Subsequently Savage received their formal appointment. No further ground investigations were carried out, and relying upon the existing report Savage designed the foundations of the houses to bear on gravel at an average depth of 1.7 metres. It became common ground between the parties that if no significant rise in the water table was to be anticipated, this was the best engineering solution.

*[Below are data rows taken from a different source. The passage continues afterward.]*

(* Let $G$ be a directed graph with vertices $s,t$ and $k\ge1$. The set $U^k_{\mathrm{lr}}$ together with the relation $\preceq$ is a distributive lattice $L^*$, and for any $C_1=[X_1,\dots,X_k]$ and $C_2=[Y_1,\dots,Y_k]$ in $L^*$ its join and meet are given by $C_1\vee C_2=[S_{\max}(X_1\cup Y_1),\dots,S_{\max}(X_k\cup Y_k)]$ and $C_1\wedge C_2=[S_{\min}(X_1\cup Y_1),\dots,S_{\min}(X_k\cup Y_k)]$.
   Context: An $s$-$t$ cut of a directed graph $G$ is a set $X\subseteq E(G)$ such that removing $X$ leaves no directed $s$-$t$ path; $\Gamma_G(s,t)$ is the set of $s$-$t$ cuts of minimum cardinality $\lambda(G)$. Fix a maximum-size collection $\mathcal P$ of pairwise edge-disjoint directed $s$-$t$ paths (so $|\mathcal P|=\lambda(G)$ and each minimum $s$-$t$ cut contains exactly one edge of each path in $\mathcal P$). For $X,Y\in\Gamma_G(s,t)$, $S_{\min}(X\cup Y)$ (resp. $S_{\max}(X\cup Y)$) is the set consisting, for each $p\in\mathcal P$, of the edge of $(X\cup Y)\cap p$ occurring first (resp. last) along $p$. For $s$-$t$ cuts $X,Y$, $X\le Y$ means every directed $s$-$t$ path in $G$ meets an edge of $X$ at or before an edge of $Y$. $U^k_{\mathrm{lr}}$ is the set of $k$-tuples $[X_1,\dots,X_k]$ of elements of $\Gamma_G(s,t)$ with $X_i\le X_j$ for all $i<j$; for $C_1=[X_i]_i,C_2=[Y_i]_i\in U^k_{\mathrm{lr}}$, $C_1\preceq C_2$ iff $X_i\le Y_i$ for all $i\in\{1,\dots,k\}$. *)

theory Defs
  imports "Graph_Theory.Digraph" "Graph_Theory.Arc_Walk" "HOL-Algebra.Lattice"
begin

text \<open>Directed (multi)graphs are represented by the Graph_Theory record pre_digraph
  (vertices, arcs, tail, head); directed s-t paths are pre_digraph.apath
  (arc lists forming a walk with pairwise distinct vertices).\<close>

definition st_cut :: "('v,'e) pre_digraph \<Rightarrow> 'v \<Rightarrow> 'v \<Rightarrow> 'e set \<Rightarrow> bool" where
  "st_cut G s t X \<equiv> X \<subseteq> arcs G \<and> (\<forall>p. pre_digraph.apath G s p t \<longrightarrow> set p \<inter> X \<noteq> {})"

definition min_cut_size :: "('v,'e) pre_digraph \<Rightarrow> 'v \<Rightarrow> 'v \<Rightarrow> nat" where
  "min_cut_size G s t = Min (card ` {X. st_cut G s t X})"

definition min_cuts :: "('v,'e) pre_digraph \<Rightarrow> 'v \<Rightarrow> 'v \<Rightarrow> 'e set set" where
  "min_cuts G s t = {X. st_cut G s t X \<and> card X = min_cut_size G s t}"

definition edge_disjoint_paths :: "('v,'e) pre_digraph \<Rightarrow> 'v \<Rightarrow> 'v \<Rightarrow> 'e list set \<Rightarrow> bool" where
  "edge_disjoint_paths G s t P \<equiv>
     (\<forall>p\<in>P. pre_digraph.apath G s p t) \<and> (\<forall>p\<in>P. \<forall>q\<in>P. p \<noteq> q \<longrightarrow> set p \<inter> set q = {})"

definition max_edge_disjoint_paths :: "('v,'e) pre_digraph \<Rightarrow> 'v \<Rightarrow> 'v \<Rightarrow> 'e list set \<Rightarrow> bool" where
  "max_edge_disjoint_paths G s t P \<equiv> finite P \<and> edge_disjoint_paths G s t P \<and>
     (\<forall>Q. finite Q \<and> edge_disjoint_paths G s t Q \<longrightarrow> card Q \<le> card P)"

definition first_on :: "'e list \<Rightarrow> 'e set \<Rightarrow> 'e" where
  "first_on p A = p ! (LEAST i. i < length p \<and> p ! i \<in> A)"

definition last_on :: "'e list \<Rightarrow> 'e set \<Rightarrow> 'e" where
  "last_on p A = p ! (GREATEST i. i < length p \<and> p ! i \<in> A)"

definition S_min :: "'e list set \<Rightarrow> 'e set \<Rightarrow> 'e set" where
  "S_min P A = (\<lambda>p. first_on p A) ` P"

definition S_max :: "'e list set \<Rightarrow> 'e set \<Rightarrow> 'e set" where
  "S_max P A = (\<lambda>p. last_on p A) ` P"

definition cut_le :: "('v,'e) pre_digraph \<Rightarrow> 'v \<Rightarrow> 'v \<Rightarrow> 'e set \<Rightarrow> 'e set \<Rightarrow> bool" where
  "cut_le G s t X Y \<equiv> \<forall>p. pre_digraph.apath G s p t \<longrightarrow>
     (LEAST i. i < length p \<and> p ! i \<in> X) \<le> (LEAST j. j < length p \<and> p ! j \<in> Y)"

definition U_lr :: "('v,'e) pre_digraph \<Rightarrow> 'v \<Rightarrow> 'v \<Rightarrow> nat \<Rightarrow> 'e set list set" where
  "U_lr G s t k = {C. length C = k \<and> set C \<subseteq> min_cuts G s t \<and>
     (\<forall>i j. i < j \<and> j < k \<longrightarrow> cut_le G s t (C ! i) (C ! j))}"

definition tuple_le :: "('v,'e) pre_digraph \<Rightarrow> 'v \<Rightarrow> 'v \<Rightarrow> nat \<Rightarrow> 'e set list \<Rightarrow> 'e set list \<Rightarrow> bool" where
  "tuple_le G s t k C1 C2 \<equiv> (\<forall>i < k. cut_le G s t (C1 ! i) (C2 ! i))"

definition L_star :: "('v,'e) pre_digraph \<Rightarrow> 'v \<Rightarrow> 'v \<Rightarrow> nat \<Rightarrow> 'e set list gorder" where
  "L_star G s t k = \<lparr> carrier = U_lr G s t k, eq = (=), le = tuple_le G s t k \<rparr>"

definition distributive_lattice :: "('a, 'b) gorder_scheme \<Rightarrow> bool" where
  "distributive_lattice L \<equiv> lattice L \<and>
     (\<forall>x\<in>carrier L. \<forall>y\<in>carrier L. \<forall>z\<in>carrier L.
        x \<sqinter>\<^bsub>L\<^esub> (y \<squnion>\<^bsub>L\<^esub> z) = (x \<sqinter>\<^bsub>L\<^esub> y) \<squnion>\<^bsub>L\<^esub> (x \<sqinter>\<^bsub>L\<^esub> z))"

end

theory Submission
  imports Defs
begin

text \<open>
  By Menger's theorem, proved here by flow augmentation, a minimum s-t cut contains exactly one
  arc of each path of the maximum packing P; it is therefore determined by the positions of these
  arcs along the paths, and for minimum cuts X \<le> Y holds exactly when X comes no later than Y on
  every path of P. The key fact is that choosing on every path the later (resp. earlier) of the
  arcs of two minimum cuts X, Y again gives a cut, namely S_max (resp. S_min) of X \<union> Y: an s-t
  path avoiding it would have to leave the set of vertices reachable from s (resp. reaching t)
  by a walk avoiding X or avoiding Y, which is impossible. So U^k_lr is a set of position vectors
  ordered componentwise and closed under componentwise max and min, which are the join and meet
  given by S_max and S_min; distributivity is that of max and min.
\<close>

section \<open>Arc balance and flows\<close>

definition arc_balance :: "('v,'e) pre_digraph \<Rightarrow> 'e set \<Rightarrow> 'v \<Rightarrow> int" where
  "arc_balance H F v = (\<Sum>e\<in>F. of_bool (tail H e = v) - of_bool (head H e = v))"

lemma arc_balance_Un:
  "finite A \<Longrightarrow> finite B \<Longrightarrow> A \<inter> B = {} \<Longrightarrow>
    arc_balance H (A \<union> B) v = arc_balance H A v + arc_balance H B v"
  by (simp add: arc_balance_def sum.union_disjoint)

lemma arc_balance_Diff:
  "finite A \<Longrightarrow> B \<subseteq> A \<Longrightarrow> arc_balance H (A - B) v = arc_balance H A v - arc_balance H B v"
  by (simp add: arc_balance_def sum_diff)

lemma sum_arc_balance:
  "finite S \<Longrightarrow>
    (\<Sum>v\<in>S. arc_balance H F v) = (\<Sum>e\<in>F. of_bool (tail H e \<in> S) - of_bool (head H e \<in> S))"
  unfolding arc_balance_def by (subst sum.swap) (simp add: sum_subtractf of_bool_def)

lemma (in pre_digraph) arc_balance_trail:
  "cas u p w \<Longrightarrow> distinct p \<Longrightarrow> arc_balance G (set p) v = of_bool (v = u) - of_bool (v = w)"
  by (induction p arbitrary: u) (auto simp: arc_balance_def)

lemma (in pre_digraph) cas_leaves_set:
  "cas u p w \<Longrightarrow> u \<in> S \<Longrightarrow> w \<notin> S \<Longrightarrow> \<exists>e\<in>set p. tail G e \<in> S \<and> head G e \<notin> S"
  by (induction p arbitrary: u) auto

lemma (in wf_digraph) apath_distinct_arcs: "apath u p v \<Longrightarrow> distinct p"
  by (auto simp: apath_def intro: distinct_verts_imp_distinct)

lemma (in wf_digraph) arc_balance_apath:
  assumes "apath u p w"
  shows "arc_balance G (set p) v = of_bool (v = u) - of_bool (v = w)"
  using arc_balance_trail[of u p w v] apath_distinct_arcs[OF assms] assms
  by (simp add: apath_def awalk_def)

lemma (in wf_digraph) awalk_contains_apath:
  assumes "awalk u w v"
  obtains p where "apath u p v" "set p \<subseteq> set w"
  using assms apath_awalk_to_apath awalk_to_apath_subset by blast

lemma (in wf_digraph) awalk_split_at_arc:
  assumes "awalk u p v" "i < length p"
  shows "awalk u (take (Suc i) p) (head G (p ! i))"
    and "awalk (tail G (p ! i)) (drop i p) v"
    and "awalk (head G (p ! i)) (drop (Suc i) p) v"
proof -
  have "awalk u (take i p @ p ! i # drop (Suc i) p) v"
    using assms by (simp add: id_take_nth_drop[symmetric])
  then have before: "awalk u (take i p) (tail G (p ! i))" and arc: "p ! i \<in> arcs G"
    and after: "awalk (head G (p ! i)) (drop (Suc i) p) v"
    by (auto simp: awalk_Cons_iff)
  show "awalk u (take (Suc i) p) (head G (p ! i))"
    using awalk_appendI[OF before arc_implies_awalk[OF arc]] assms(2)
    by (simp add: take_Suc_conv_app_nth)
  show "awalk (tail G (p ! i)) (drop i p) v"
    using arc after assms(2) by (simp add: Cons_nth_drop_Suc[symmetric] awalk_Cons_iff)
  show "awalk (head G (p ! i)) (drop (Suc i) p) v"
    by (rule after)
qed

locale st_digraph = fin_digraph G for G :: "('v,'e) pre_digraph" +
  fixes s t :: 'v
  assumes source_in_verts: "s \<in> verts G" and sink_in_verts: "t \<in> verts G"
    and source_neq_sink: "s \<noteq> t"
begin

lemma st_cut_meets_awalk:
  assumes "st_cut G s t X" "awalk s w t"
  shows "set w \<inter> X \<noteq> {}"
proof -
  obtain p where "apath s p t" "set p \<subseteq> set w"
    using assms(2) by (rule awalk_contains_apath)
  then show ?thesis
    using assms(1) unfolding st_cut_def by blast
qed

lemma st_cut_finite: "st_cut G s t X \<Longrightarrow> finite X"
  by (auto simp: st_cut_def intro: finite_subset[OF _ finite_arcs])

lemma st_apath_non_Nil: "apath s p t \<Longrightarrow> p \<noteq> []"
  using source_neq_sink by (auto simp: apath_Nil_iff)

lemma cut_meets_paths:
  assumes "edge_disjoint_paths G s t Q" "st_cut G s t X"
  obtains f where "inj_on f Q" "\<And>p. p \<in> Q \<Longrightarrow> f p \<in> set p \<inter> X"
proof -
  have "\<forall>p\<in>Q. \<exists>e. e \<in> set p \<inter> X"
    using assms by (auto simp: edge_disjoint_paths_def st_cut_def)
  then obtain f where f: "\<And>p. p \<in> Q \<Longrightarrow> f p \<in> set p \<inter> X"
    by metis
  moreover have "inj_on f Q"
    using assms(1) f by (fastforce simp: edge_disjoint_paths_def intro: inj_onI)
  ultimately show thesis
    using that by blast
qed

lemma card_le_card_st_cut:
  assumes "edge_disjoint_paths G s t Q" "st_cut G s t X"
  shows "card Q \<le> card X"
proof -
  obtain f where inj: "inj_on f Q" and f: "\<And>p. p \<in> Q \<Longrightarrow> f p \<in> set p \<inter> X"
    using cut_meets_paths[OF assms] by blast
  have "f ` Q \<subseteq> X"
    using f by blast
  moreover have "finite X"
    using assms(2) by (rule st_cut_finite)
  ultimately show ?thesis
    by (rule card_inj_on_le[OF inj])
qed

definition st_flow :: "'e set \<Rightarrow> int \<Rightarrow> bool" where
  "st_flow F k \<longleftrightarrow> F \<subseteq> arcs G \<and>
    (\<forall>v. arc_balance G F v = k * (of_bool (v = s) - of_bool (v = t)))"

lemma st_flow_finite: "st_flow F k \<Longrightarrow> finite F"
  by (auto simp: st_flow_def intro: finite_subset[OF _ finite_arcs])

lemma st_flow_value:
  assumes "st_flow F k" "finite S" "s \<in> S" "t \<notin> S"
  shows "(\<Sum>v\<in>S. arc_balance G F v) = k"
  using assms by (simp add: st_flow_def sum_distrib_left[symmetric] sum_subtractf of_bool_def)

lemma st_flow_Union_paths:
  assumes "finite Q" "edge_disjoint_paths G s t Q"
  shows "st_flow (\<Union>p\<in>Q. set p) (int (card Q))"
  unfolding st_flow_def
proof (intro conjI allI)
  have paths: "\<And>p. p \<in> Q \<Longrightarrow> apath s p t"
    using assms(2) by (simp add: edge_disjoint_paths_def)
  then show "(\<Union>p\<in>Q. set p) \<subseteq> arcs G"
    by (auto simp: apath_def awalk_def)
  fix v
  have "arc_balance G (\<Union>p\<in>Q. set p) v = (\<Sum>p\<in>Q. arc_balance G (set p) v)"
    using assms unfolding arc_balance_def edge_disjoint_paths_def by (subst sum.UNION_disjoint) auto
  also have "\<dots> = (\<Sum>p\<in>Q. of_bool (v = s) - of_bool (v = t))"
    using paths by (intro sum.cong) (auto simp: arc_balance_apath)
  finally show "arc_balance G (\<Union>p\<in>Q. set p) v = int (card Q) * (of_bool (v = s) - of_bool (v = t))"
    by simp
qed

Although Willmott had intended to start works on site in the summer of 1993, in fact commencement was not made until October. This is where the problems started. Rainfall in September had been extremely heavy - 222% of average. October was also wet - 135% of average. The ground works subcontractor started excavation and found ground water much higher than anticipated as mentioned earlier. Well point de-watering had to be introduced. The foundations were re-designed as were the designs for surface water drainage. By December the contract was in serious trouble. By now the cause of the problems had become complicated by the very heavy rain in December - 229% of average. In January Willmott decided to abandon the works for the winter. They intended to resume work in May of the following year but at that date discussions were taking place as to whether the level of floor slabs should be raised to avoid flooding of the houses in the future. In the event the effective resumption of work was delayed until July and as a result of these delays Willmott were forced to work into the next winter and encountered further problems with water.

Willmott sued Savage to recover losses allegedly flowing from all these problems.

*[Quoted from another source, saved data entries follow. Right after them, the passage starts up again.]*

theorem lemma3p5:
  fixes G L :: "('a::finite list \<Rightarrow> 'a list) set"
    and Y :: "'a list set"
  assumes "subgroup G autgroup"
    and "fin_gen G"
    and "just_infinite G"
    and "strongly_self_replicating G"
    and "congruence_subgroup_property G"
    and "leaf_set Y" and "spanning Y"
    and "subgroup L (grp G)"
    and "infra_direct G L Y"
  shows "fin_gen L"
proof -
  have fg: "finitely_generated autgroup G" using assms(2) unfolding fin_gen_def finitely_generated_def .
  have L: "subgroup L autgroup" "L \<subseteq> G" using subgroup_grp_iff[OF assms(1)] assms(8) by blast+
  have Y: "finite Y" using assms(6) unfolding leaf_set_def by blast
  define K where "K = stab_set L Y"
  have K: "subgroup K autgroup" unfolding K_def by (rule stab_set_subgroup[OF L(1)])
  have K_L: "K \<subseteq> L" unfolding K_def stab_set_def by blast
  have fixed: "\<And>e y. e \<in> K \<Longrightarrow> y \<in> Y \<Longrightarrow> e y = y" unfolding K_def stab_set_def by blast
  have "finitely_generated autgroup K"
  proof (rule finitely_generated_by_sections[OF K Y assms(7)])
    show "\<And>e v. e \<in> K \<Longrightarrow> v \<in> Y \<Longrightarrow> e v = v" by (fact fixed)
  next
    fix W y assume W: "W \<subseteq> Y" and y: "y \<in> Y"
    have H: "subgroup (psi y K) (grp G)" "finite_index (psi y K) G"
      using assms(9) y unfolding infra_direct_def K_def by auto
    have fixed_Wy: "\<And>e v. e \<in> K \<union> K \<Longrightarrow> v \<in> insert y W \<Longrightarrow> e v = v" using fixed W y by blast
    have normal: "normalizes (psi y K) (psi y (trivial_sections K W))"
      using subgroup.subset[OF K] subgroup.subset[OF K] fixed_Wy subgroup_normalizes_self[OF K]
      by (rule normalizes_psi_trivial_sections)
    have C: "subgroup (psi y (trivial_sections K W)) autgroup"
      by (rule psi_trivial_sections_subgroup[OF K]) (use fixed_Wy in blast)
    have "trivial_sections K W \<subseteq> G" using L(2) unfolding K_def stab_set_def trivial_sections_def by blast
    then have C_G: "psi y (trivial_sections K W) \<subseteq> G" by (rule psi_subset_self_replicating[OF assms(4)])
    show "finitely_generated autgroup (psi y (trivial_sections K W))"
      by (rule finitely_generated_if_normalized_by_finite_index[OF assms(1) fg assms(3-5) C C_G H normal])
  qed
  moreover have "finite ((\<lambda>b. K #>\<^bsub>autgroup\<^esub> b) ` L)"
    unfolding K_def by (rule finite_index_stab_set[OF L(1) Y])
  ultimately have "finitely_generated autgroup L"
    by (rule Aut.finitely_generated_of_finite_index[OF K L(1) K_L])
  then show ?thesis unfolding fin_gen_def finitely_generated_def .
qed

end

Before dealing with the question of negligence, William Crowther QC, sitting as an Official Referee, had to deal with the argument that Savage instructed Soils Limited as principals and were contractually liable for the content of Soil Limited's report. He held this to be wrong. Since Savage were not instructed as engineers at that stage, they had no present need of the report. The ACE conditions which they were to subsequently enter into specifically provided that geo-technical investigations were arranged as agents of the client and he observed that it would be very surprising if a request to arrange an investigation prior to engagement as engineers produced a different and more onerous relationship. Accordingly, Savage were not contractually liable for the content of Soil Limited's report.

Turning to the question of negligence, the court considered that one question to be answered was whether a reasonably competent engineer reading the report as a whole should have appreciated that the uncertainty of ground water levels was such as to invalidate the assumptions upon which the foundations were designed. On this point Mr Crowther held that to have done so Savage would have had to be more percipient than Soils Limited. He held that since Soils Limited had given no warning that in winter the ground water would be likely to rise well above the proposed level of foundations, Savage were entitled to assume that a reference to seasonal effects in the report was to fairly nominal variations which would not effect significantly the findings and recommendations of the report.

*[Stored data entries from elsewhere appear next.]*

lemma follower_indicator_in_kerphi:
  assumes "finite K" and m: "\<And>p. p \<in> K \<Longrightarrow> m p \<in> L"
    and blocked: "\<And>k. delta i k \<in> L \<Longrightarrow> \<exists>p\<in>K. m p \<star> delta i k \<notin> L"
  shows "diag L (\<lambda>w. if \<forall>p\<in>K. m p \<star> w \<in> L then 1 else 0) \<in> kerphi L d i"
proof -
  have "\<forall>w\<in>L. w i \<noteq> [] \<longrightarrow> (if \<forall>p\<in>K. m p \<star> w \<in> L then 1 else 0) = 0"
  proof (intro ballI impI)
    fix w assume "w \<in> L" and "w i \<noteq> []"
    obtain k w' where k: "delta i k \<in> L" and w: "w = delta i k \<star> w'"
      using \<open>w \<in> L\<close> \<open>w i \<noteq> []\<close> by (rule split_first_letter)
    then obtain p where "p \<in> K" and p: "m p \<star> delta i k \<notin> L"
      using blocked by blast
    have "m p \<star> w \<notin> L"
    proof
      assume "m p \<star> w \<in> L"
      then have "m p \<star> delta i k \<in> L"
        unfolding w tcat_assoc[symmetric] by (rule prefix_closed)
      with p show False ..
    qed
    with \<open>p \<in> K\<close> show "(if \<forall>p\<in>K. m p \<star> w \<in> L then 1 else 0) = 0"
      by auto
  qed
  then show ?thesis
    by (subst kerphi_iff[OF follower_indicator_in_Aalg[OF assms(1,2)] refl])
qed

lemma kerphi_comp_QG_nonzero_if_unextendable:
  assumes F: "F \<subseteq> {1..N}"
    and unext: "\<forall>i\<in>F. \<forall>k\<in>{1..d}. delta i k \<in> L \<longrightarrow> (\<exists>\<mu>\<in>L. \<mu> \<star> delta i k \<notin> L)"
  shows "\<exists>a. a \<in> (\<Inter>i\<in>F. kerphi L d i) \<and> a \<circ> QG L d ({1..N} - F) \<noteq> 0"
proof -
  define K where "K = {(i, k) \<in> F \<times> {1..d}. delta i k \<in> L}"
  have "finite K"
    using finite_subset[OF F] unfolding K_def by (auto intro: finite_subset[of _ "F \<times> {1..d}"])
  have "\<forall>p\<in>K. \<exists>\<mu>. \<mu> \<in> L \<and> \<mu> \<star> delta (fst p) (snd p) \<notin> L"
    using unext unfolding K_def by fastforce
  then obtain m where m: "\<And>p. p \<in> K \<Longrightarrow> m p \<in> L \<and> m p \<star> delta (fst p) (snd p) \<notin> L"
    using bchoice[of K "\<lambda>p \<mu>. \<mu> \<in> L \<and> \<mu> \<star> delta (fst p) (snd p) \<notin> L"] by blast
  define c where "c = (\<lambda>w. if \<forall>p\<in>K. m p \<star> w \<in> L then 1 else 0 :: complex)"
  have "diag L c \<in> kerphi L d i" if "i \<in> F" for i
    unfolding c_def
  proof (rule follower_indicator_in_kerphi[OF \<open>finite K\<close>])
    show "\<exists>p\<in>K. m p \<star> delta i k \<notin> L" if "delta i k \<in> L" for k
    proof -
      have "(i, k) \<in> K"
        using \<open>i \<in> F\<close> that letters_in_alphabet[OF that, of i] unfolding K_def by (simp add: delta_def)
      then show ?thesis
        using m by fastforce
    qed
  qed (use m in blast)
  moreover have "diag L c \<circ> QG L d ({1..N} - F) \<noteq> 0"
  proof
    assume "diag L c \<circ> QG L d ({1..N} - F) = 0"
    then have "diag L (\<lambda>w. c w * (if \<forall>j\<in>{1..N} - F. w j = [] then 1 else 0)) = diag L (\<lambda>_. 0)"
      unfolding QG_eq_diag[OF finite_Diff[OF finite_atLeastAtMost]] diag_comp[OF bounded_indicator_comp]
      by simp
    from diag_eqD[OF this tempty_in_L] show False
      using m by (simp add: c_def)
  qed
  ultimately show ?thesis
    by blast
qed

lemma projection_QG_empty_iff: "(\<exists>a\<in>Aalg L. a \<circ> QG L d {} = Qempty L) \<longleftrightarrow> Qempty L \<in> Aalg L"
  using comp_Iop[OF Aalg_Bop] by (auto simp: QG_empty)

lemma kerphi_all_eq_scaled_Qempty:
  assumes "0 < N" and Q: "Qempty L \<in> Aalg L"
  shows "(\<Inter>i\<in>{1..N}. kerphi L d i) = {osc c (Qempty L) | c. True}"
proof (intro equalityI subsetI INT_I)
  fix a assume a: "a \<in> (\<Inter>i\<in>{1..N}. kerphi L d i)"
  have "{1..N} \<noteq> {}"
    using \<open>0 < N\<close> by simp
  then obtain z where z: "a \<circ> QG L d ({1..N} - {1..N}) = osc z (Qempty L)"
    using kerphi_comp_QG_eq_scaled_Qempty[OF _ a] by blast
  have "a \<in> Aalg L"
    using a \<open>{1..N} \<noteq> {}\<close> unfolding kerphi_def by blast
  then have "a = osc z (Qempty L)"
    using z by (simp add: QG_empty comp_Iop[OF Aalg_Bop])
  then show "a \<in> {osc c (Qempty L) | c. True}"
    by blast
next
  fix a i assume "a \<in> {osc c (Qempty L) | c. True}"
  then obtain c where a: "a = osc c (Qempty L)"
    by blast
  have "a \<in> Aalg L"
    unfolding a using Q Q by (rule Aalg_comp_osc(2))
  moreover have "a = diag L (\<lambda>w. c * (if w = tempty then 1 else 0))"
    by (simp add: a Qempty_eq_diag osc_diag)
  ultimately show "a \<in> kerphi L d i"
    by (subst kerphi_iff) auto
qed

lemma Qempty_in_Aalg_if_kerphi_all_eq:
  assumes "0 < N" and "(\<Inter>i\<in>{1..N}. kerphi L d i) = {osc c (Qempty L) | c. True}"
  shows "Qempty L \<in> Aalg L"
proof -
  have "Qempty L \<in> {osc c (Qempty L) | c. True}"
    using osc_one by (metis (mono_tags, lifting) mem_Collect_eq)
  moreover have "1 \<in> {1..N}"
    using \<open>0 < N\<close> by simp
  ultimately have "Qempty L \<in> kerphi L d 1"
    using assms(2) by (metis INT_D)
  then show ?thesis
    unfolding kerphi_def by simp
qed

lemma kerphi_all_neq_zero:
  assumes "0 < N" and "Qempty L \<in> Aalg L"
  shows "(\<Inter>i\<in>{1..N}. kerphi L d i) \<noteq> {0}"
proof
  assume "(\<Inter>i\<in>{1..N}. kerphi L d i) = {0}"
  then have "{osc c (Qempty L) | c. True} = {0}"
    using kerphi_all_eq_scaled_Qempty[OF assms] by simp
  then have "osc 1 (Qempty L) = 0"
    by (metis (mono_tags, lifting) mem_Collect_eq singletonD)
  then show False
    using Qempty_neq_zero by simp
qed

This may seem to be a surprising finding, for rather than testing the actions of Savage against the levels of reasonable skill and care to be expected from suitably experienced and qualified engineers in general, the test appears to have been made against actual performance of Soils Limited whether it could be said that the latter had acted competently or not.

In the light of these findings he held that there could be no valid criticism of the foundation or drainage designs and it followed that all the allegations of negligence made against Savage failed.